= Prisco Nilo =

Filipino meteorologist (born 1957)

Prisco Duarte Nilo (born 1957) is a Filipino meteorologist. He is the former administrator of the Philippine Atmospheric, Geophysical and Astronomical Services Administration (PAGASA).

Nilo joined the Philippine Atmospheric, Geophysical and Astronomical Services Administration (PAGASA) in March 1984 as a meteorologist. He was appointed as PAGASA director in November 2007 by President Gloria Macapagal Arroyo. On August 6, 2010, the weather forecaster was relieved of his post as administrator of PAGASA by President Benigno Aquino III. The former PAGASA chief had been criticized repeatedly for supposed errors in storm predictions by the agency. According to Aquino, Nilo was fired due to inaccurate predictions of typhoon, particularly during the rush of Typhoon Conson (Basyang). The new Agency executive was named by Secretary of Science and Technology Mario Montejo, who eventually appointed Graciano Yumul in the position.
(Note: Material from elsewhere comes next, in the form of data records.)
lemma representable_sqdist: "representable 2 (sqdist p)"
proof -
  have "representable 1 (\<lambda>x. x i + - p i)" for i
    by (intro representable_add representable_var representable_const) simp
  then have "representable (1 * 2) (\<lambda>x. (x i + - p i) ^ 2)" for i
    by (rule representable_power)
  then show ?thesis
    unfolding sqdist_def[abs_def]
    using representable_sum[of UNIV 2 "\<lambda>i x. (x i - p i) ^ 2"] by simp
qed

lemma quadratic_family:
  fixes p :: "'n::finite \<Rightarrow> real"
  assumes "even d" "4 \<le> d"
  obtains c where "\<And>t. c t \<in> polyspace d" "poly_curve c"
    "\<And>t x. peval d (c t) x = (sqdist p x - t)^2 * (1 + sqdist p x) ^ (d div 2 - 2)"
proof -
  define W where "W x = (1 + sqdist p x) ^ (d div 2 - 2)" for x
  have d: "d = 4 + 2 * (d div 2 - 2)" using assms by (auto elim!: evenE)
  have RW: "representable (2 * (d div 2 - 2)) W"
    unfolding W_def by (intro representable_power representable_add representable_const
        representable_sqdist)
  have "representable (2 * 2 + 2 * (d div 2 - 2)) (\<lambda>x. sqdist p x ^ 2 * W x)"
    by (intro representable_mult representable_power representable_sqdist RW)
  then obtain a where a: "a \<in> polyspace d" "\<And>x. peval d a x = sqdist p x ^ 2 * W x"
    using d unfolding representable_def by auto
  have "representable (2 + 2 * (d div 2 - 2)) (\<lambda>x. sqdist p x * W x)"
    by (intro representable_mult representable_sqdist RW)
  then have "representable d (\<lambda>x. sqdist p x * W x)"
    by (rule representable_mono) (use d in linarith)
  then obtain b where b: "b \<in> polyspace d" "\<And>x. peval d b x = sqdist p x * W x"
    unfolding representable_def by auto
  obtain w where w: "w \<in> polyspace d" "\<And>x. peval d w x = W x"
    using representable_mono[OF RW, of d] d unfolding representable_def by fastforce
  define c where "c t = (\<lambda>\<alpha>. a \<alpha> + (- 2 * t) * b \<alpha> + t * t * w \<alpha>)" for t
  show ?thesis
  proof (rule that)
    show "c t \<in> polyspace d" for t using a(1) b(1) w(1) by (simp add: c_def polyspace_def)
    show "poly_curve c" unfolding poly_curve_def c_def
      by (intro allI ispoly_add ispoly_mult ispoly_const ispoly_id)
    fix t x
    have "peval d (c t) x = peval d a x + (- 2 * t) * peval d b x + t * t * peval d w x"
      unfolding c_def peval_mon by (simp add: distrib_right left_diff_distrib sum.distrib sum_subtractf
            sum_negf sum_distrib_left mult.assoc)
    also have "\<dots> = (sqdist p x - t)^2 * W x"
      unfolding a(2) b(2) w(2) by (simp add: power2_eq_square algebra_simps)
    finally show "peval d (c t) x = (sqdist p x - t)^2 * (1 + sqdist p x) ^ (d div 2 - 2)"
      by (simp add: W_def)
  qed
qed


definition boundary_curve ::
  "nat \<Rightarrow> ('n::finite \<Rightarrow> real) set \<Rightarrow> (real \<Rightarrow> ('n \<Rightarrow> nat) \<Rightarrow> real) \<Rightarrow> real set \<Rightarrow> real \<Rightarrow> bool"
  where "boundary_curve d K c T t0 \<longleftrightarrow> poly_curve c \<and> infinite T \<and> c t0 \<in> intPd d K \<and>
    (\<forall>t\<in>T. c t \<in> Pd d K \<and> c t \<in> bdPd d K \<and> c t islimpt intPd d K)"

lemma boundary_curve_exists:
  fixes K :: "('n::finite \<Rightarrow> real) set"
  assumes "interior K \<noteq> {}" "even d" "2 < d"
  obtains c T t0 where "boundary_curve d K c T t0"
proof -
  obtain p where p: "p \<in> interior K" using assms(1) by blast
  obtain \<delta> where \<delta>: "\<delta> > 0" "\<And>t. 0 \<le> t \<Longrightarrow> t < \<delta>^2 \<Longrightarrow> \<exists>z\<in>K. sqdist p z = t"
    using small_spheres_meet[OF p] by blast
  have d4: "4 \<le> d" using assms(2,3) by (auto elim!: evenE)
  obtain c where c: "\<And>t. c t \<in> polyspace d" "poly_curve c"
    "\<And>t x. peval d (c t) x = (sqdist p x - t)^2 * (1 + sqdist p x) ^ (d div 2 - 2)"
    using quadratic_family[OF assms(2) d4, of p] by blast
  have nonneg: "0 \<le> peval d (c t) x" for t x by (simp add: c(3) sqdist_nonneg)
  have unit: "peval d (c (-1)) x = (1 + sqdist p x) ^ (d div 2)" for x
  proof -
    have "peval d (c (-1)) x = (1 + sqdist p x) ^ (2 + (d div 2 - 2))"
      unfolding c(3) power_add by (simp add: add.commute)
    also have "2 + (d div 2 - 2) = d div 2" using d4 by simp
    finally show ?thesis .
  qed
  have "c (-1) \<in> intPd d K"
    by (rule intPd_growth[OF assms(2) c(1), of 1 p]) (simp_all add: unit)
  moreover have "c t \<in> Pd d K \<and> c t \<in> bdPd d K \<and> c t islimpt intPd d K"
    if t: "t \<in> {0<..<\<delta>^2}" for t
  proof (intro conjI)
    show Pd: "c t \<in> Pd d K" using c(1) nonneg by (simp add: Pd_def)
    obtain z where "z \<in> K" "sqdist p z = t" using \<delta>(2)[of t] t by auto
    then show "c t \<in> bdPd d K" by (intro bdPd_crit[OF Pd, of z]) (simp_all add: c(3))
    show "c t islimpt intPd d K"
      by (rule nonneg_islimpt_intPd[OF assms(2) c(1)[of "-1"] _ c(1) nonneg, of p])
        (simp add: unit)
  qed
  moreover have "infinite {0<..<\<delta>^2}" using \<delta>(1) by simp
  ultimately have "boundary_curve d K c {0<..<\<delta>^2} (-1)"
    using c(2) unfolding boundary_curve_def by simp
  then show ?thesis by (rule that)
qed

lemma boundary_curve_vanishing:
  assumes "boundary_curve d K c T t0" "ispoly (\<lambda>t. \<psi> (c t))" "\<And>t. t \<in> T \<Longrightarrow> \<psi> (c t) = 0"
  shows "\<psi> (c t0) = 0"
proof -
  have "infinite T" using assms(1) by (simp add: boundary_curve_def)
  then show ?thesis by (rule ispoly_zero_on_infinite[OF assms(2) _ assms(3)])
qed

lemma no_defining_polynomial:
  assumes "boundary_curve d K c T t0"
  shows "\<not> (\<exists>\<phi>. poly_fun \<phi> \<and> (\<forall>f\<in>intPd d K. 0 < \<phi> f) \<and> (\<forall>f\<in>bdPd d K. \<phi> f = 0))"
proof (intro notI, elim exE conjE)
  fix \<phi> assume \<phi>: "poly_fun \<phi>" "\<forall>f\<in>intPd d K. 0 < \<phi> f" "\<forall>f\<in>bdPd d K. \<phi> f = 0"
  have "\<phi> (c t0) = 0"
  proof (rule boundary_curve_vanishing[OF assms])
    show "ispoly (\<lambda>t. \<phi> (c t))"
      using assms unfolding boundary_curve_def by (blast intro: poly_fun_along_curve[OF \<phi>(1)])
    show "\<phi> (c t) = 0" if "t \<in> T" for t
      using assms that \<phi>(3) by (simp add: boundary_curve_def)
  qed
  moreover have "c t0 \<in> intPd d K" using assms by (simp add: boundary_curve_def)
  ultimately show False using \<phi>(2) by force
qed

lemma log_barrier_vanishes:
  fixes \<phi> :: "'a::t2_space \<Rightarrow> real"
  assumes "continuous (at f within S) \<phi>" "f islimpt S" "\<forall>g\<in>S. 0 < \<phi> g"
    and "filterlim (\<lambda>g. - ln (\<phi> g)) at_top (at f within S)"
  shows "\<phi> f = 0"
proof -
  have F: "at f within S \<noteq> bot" using assms(2) trivial_limit_within by blast
  have lim: "(\<phi> \<longlongrightarrow> \<phi> f) (at f within S)" using assms(1) continuous_within by blast
  have "eventually (\<lambda>g. 0 \<le> \<phi> g) (at f within S)"
    using assms(3) by (auto simp: eventually_at_filter less_imp_le)
  then have "0 \<le> \<phi> f" using tendsto_lowerbound[OF lim _ F] by blast
  moreover have "\<not> 0 < \<phi> f"
  proof
    assume "0 < \<phi> f"
    then have "((\<lambda>g. - ln (\<phi> g)) \<longlongrightarrow> - ln (\<phi> f)) (at f within S)"
      by (intro tendsto_intros lim) simp
    then show False
      using not_tendsto_and_filterlim_at_infinity[OF F]
        filterlim_at_top_imp_at_infinity[OF assms(4)] by blast
  qed
  ultimately show ?thesis by simp
qed

text \<open>Second claim: -log \<phi> is never a barrier for a polynomial \<phi>, since such a \<phi>
  would vanish on the boundary points of the curve.\<close>
lemma no_polynomial_barrier:
  assumes "boundary_curve d K c T t0"
  shows "\<not> (\<exists>\<phi>. poly_fun \<phi> \<and> (\<forall>f\<in>intPd d K. 0 < \<phi> f) \<and>
              (\<forall>f\<in>bdPd d K. filterlim (\<lambda>g. - ln (\<phi> g)) at_top (at f within intPd d K)))"
proof (intro notI, elim exE conjE)
  fix \<phi> assume \<phi>: "poly_fun \<phi>" "\<forall>f\<in>intPd d K. 0 < \<phi> f"
    "\<forall>f\<in>bdPd d K. filterlim (\<lambda>g. - ln (\<phi> g)) at_top (at f within intPd d K)"
  have "\<phi> (c t) = 0" if "t \<in> T" for t
  proof (rule log_barrier_vanishes[OF _ _ \<phi>(2)])
    have "isCont \<phi> (c t)"
      using poly_fun_continuous[OF \<phi>(1)] by (simp add: continuous_on_eq_continuous_at)
    then show "continuous (at (c t) within intPd d K) \<phi>"
      by (rule continuous_at_imp_continuous_at_within)
    show "c t islimpt intPd d K"
      using assms that by (simp add: boundary_curve_def)
    have "c t \<in> bdPd d K" using assms that by (simp add: boundary_curve_def)
    then show "filterlim (\<lambda>g. - ln (\<phi> g)) at_top (at (c t) within intPd d K)"
      using \<phi>(3) by blast
  qed
  moreover have "ispoly (\<lambda>t. \<phi> (c t))"
    using assms unfolding boundary_curve_def by (blast intro: poly_fun_along_curve[OF \<phi>(1)])
  ultimately have "\<phi> (c t0) = 0" by (rule boundary_curve_vanishing[OF assms, rotated])
  moreover have "c t0 \<in> intPd d K" using assms by (simp add: boundary_curve_def)
  ultimately show False using \<phi>(2) by force
qed


section \<open>No LMI representation\<close>

lemma nonneg_quadratic_linear_coeff:
  fixes a b :: real
  assumes "\<And>s. 0 \<le> 2 * s * a + s^2 * b"
  shows "a = 0"
proof -
  have b: "0 \<le> b" using assms[of 1] assms[of "-1"] by simp
  define s where "s = - a / (b + 1)"
  have sb: "s * (b + 1) = - a" using b by (simp add: s_def)
  have "0 \<le> (b + 1)^2 * (2 * s * a + s^2 * b)" using assms[of s] by simp
  also have "\<dots> = 2 * (s * (b + 1)) * a * (b + 1) + (s * (b + 1))^2 * b"
    by (simp add: power2_eq_square algebra_simps)
  also have "\<dots> = - (a^2 * (b + 2))"
    unfolding sb by (simp add: power2_eq_square algebra_simps)
  finally have "a^2 * (b + 2) \<le> 0" by simp
  then show ?thesis using b by (simp add: mult_le_0_iff)
qed

lemma symmetric_quadratic_form:
  fixes M :: "real^'m::finite^'m"
  assumes "transpose M = M"
  shows "u \<bullet> (M *v w) = w \<bullet> (M *v u)"
proof -
  have "u \<bullet> (M *v w) = (u v* M) \<bullet> w" by (simp add: dot_lmul_matrix)
  also have "u v* M = M *v u" by (metis assms vector_transpose_matrix)
  finally show ?thesis by (simp add: inner_commute)
qed

lemma psd_isotropic_kernel:
  fixes M :: "real^'m::finite^'m"
  assumes "transpose M = M" "psd_mat M" "v \<bullet> (M *v v) = 0"
  shows "M *v v = 0"
proof -
  define w where "w = M *v v"
  have "0 \<le> 2 * s * (w \<bullet> w) + s^2 * (w \<bullet> (M *v w))" for s
  proof -
    have "0 \<le> (v + s *\<^sub>R w) \<bullet> (M *v (v + s *\<^sub>R w))"
      using assms(2) unfolding psd_mat_def by blast
    also have "\<dots> = v \<bullet> (M *v v) + s * (v \<bullet> (M *v w)) + s * (w \<bullet> (M *v v)) + s^2 * (w \<bullet> (M *v w))"
      by (simp add: matrix_vector_right_distrib matrix_vector_mult_scaleR inner_add_left
          inner_add_right power2_eq_square algebra_simps)
    also have "\<dots> = 2 * s * (w \<bullet> w) + s^2 * (w \<bullet> (M *v w))"
      using assms(3) symmetric_quadratic_form[OF assms(1), of v w] by (simp add: w_def)
    finally show ?thesis .
  qed
  then have "w \<bullet> w = 0" by (rule nonneg_quadratic_linear_coeff)
  then show ?thesis by (simp add: w_def)
qed

lemma det_eq_0_iff_kernel:
  fixes M :: "real^'m::finite^'m"
  shows "det M = 0 \<longleftrightarrow> (\<exists>v. v \<noteq> 0 \<and> M *v v = 0)"
proof -
  have "det M \<noteq> 0 \<longleftrightarrow> (\<forall>v. M *v v = 0 \<longrightarrow> v = 0)"
    by (metis invertible_det_nz invertible_def matrix_left_invertible_ker matrix_left_right_inverse)
  then show ?thesis by blast
qed

lemma psd_not_pd_singular:
  fixes M :: "real^'m::finite^'m"
  assumes "transpose M = M" "psd_mat M" "\<not> pd_mat M"
  shows "det M = 0"
proof -
  obtain v where v: "v \<noteq> 0" "\<not> 0 < v \<bullet> (M *v v)" using assms(3) unfolding pd_mat_def by blast
  then have "v \<bullet> (M *v v) = 0" using assms(2) unfolding psd_mat_def by (meson not_less order.antisym)
  then have "M *v v = 0" by (rule psd_isotropic_kernel[OF assms(1,2)])
  then show ?thesis using v(1) det_eq_0_iff_kernel by blast
qed

lemma pd_det_nonzero:
  fixes M :: "real^'m::finite^'m"
  assumes "pd_mat M" shows "det M \<noteq> 0"
  using assms unfolding det_eq_0_iff_kernel pd_mat_def by force

text \<open>Coercivity of a positive definite form: v^T M v \<ge> \<mu> |v|^2 with \<mu> > 0, by
  compactness of the unit sphere.\<close>
lemma pd_coercive:
  fixes M :: "real^'m::finite^'m"
  assumes "pd_mat M"
  obtains \<mu> where "\<mu> > 0" "\<And>v. \<mu> * (norm v)^2 \<le> v \<bullet> (M *v v)"
proof -
  have "continuous_on (sphere 0 1) (\<lambda>v::real^'m. v \<bullet> (M *v v))"
    by (intro continuous_intros linear_continuous_on matrix_vector_mul_linear)
  then have "\<exists>u0\<in>sphere 0 1. \<forall>u\<in>sphere 0 1. u0 \<bullet> (M *v u0) \<le> u \<bullet> (M *v u)"
    by (intro continuous_attains_inf compact_sphere) simp_all
  then obtain u0 where u0: "u0 \<in> sphere 0 1"
    "\<And>u. u \<in> sphere 0 1 \<Longrightarrow> u0 \<bullet> (M *v u0) \<le> u \<bullet> (M *v u)"
    by blast
  have "u0 \<noteq> 0" using u0(1) by auto
  then have "0 < u0 \<bullet> (M *v u0)" using assms unfolding pd_mat_def by blast
  moreover have "(u0 \<bullet> (M *v u0)) * (norm v)^2 \<le> v \<bullet> (M *v v)" for v
  proof (cases "v = 0")
    case False
    define u where "u = (1 / norm v) *\<^sub>R v"
    have u: "u \<in> sphere 0 1" and vu: "v = norm v *\<^sub>R u" using False by (simp_all add: u_def)
    have "v \<bullet> (M *v v) = (norm v)^2 * (u \<bullet> (M *v u))"
      by (subst (1 2) vu) (simp add: matrix_vector_mult_scaleR power2_eq_square)
    also have "\<dots> \<ge> (norm v)^2 * (u0 \<bullet> (M *v u0))" using u0(2)[OF u] by (intro mult_left_mono) auto
    finally show ?thesis by (simp add: mult.commute)
  qed simp
  ultimately show ?thesis using that by blast
qed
After such events, the meteorologist was reassigned to another office at the Department of Science and Technology (DOST) where PAGASA is one of the attached agencies.

==Biography==
Nilo entered PAGASA in March 1984 as a meteorologist.

The metereologist was appointed as PAGASA director in November 2007 by former President Gloria Macapagal Arroyo.

===Typhoon Conson===
In July 2010, the Philippines were hit by Typhoon Conson (Basyang), the second tropical cyclone during the 2010 Pacific typhoon season to impact the nation.

Conson was poorly forecast by PAGASA. From July 12 to 13, Conson was forecast to hit Aurora and Isabela provinces. But, at 11 pm PST (1500 UTC) on July 13 PAGASA changed its forecast from hitting Aurora and Isabela provinces, to Quezon province, Metro Manila and southern Luzon provinces. However, residents living in those areas were not advised that the typhoon would hit their area and they also were not informed that public storm signal number 2 was raised. With this, severe damage ensued in the said areas. Later that same day, President Benigno Aquino III reprimanded PAGASA for failing to predict that Conson would pass over Manila.

As a result, Aquino criticized PAGASA for not warning the residents of Metro Manila about the strong tropical storm that struck the nation's capital. However, according to Dr. Nilo and PAGASA, the agency didn't have adequate equipment to "accurately" predict a movement of a storm and the weather forecasting instruments were too old and needed to be upgraded.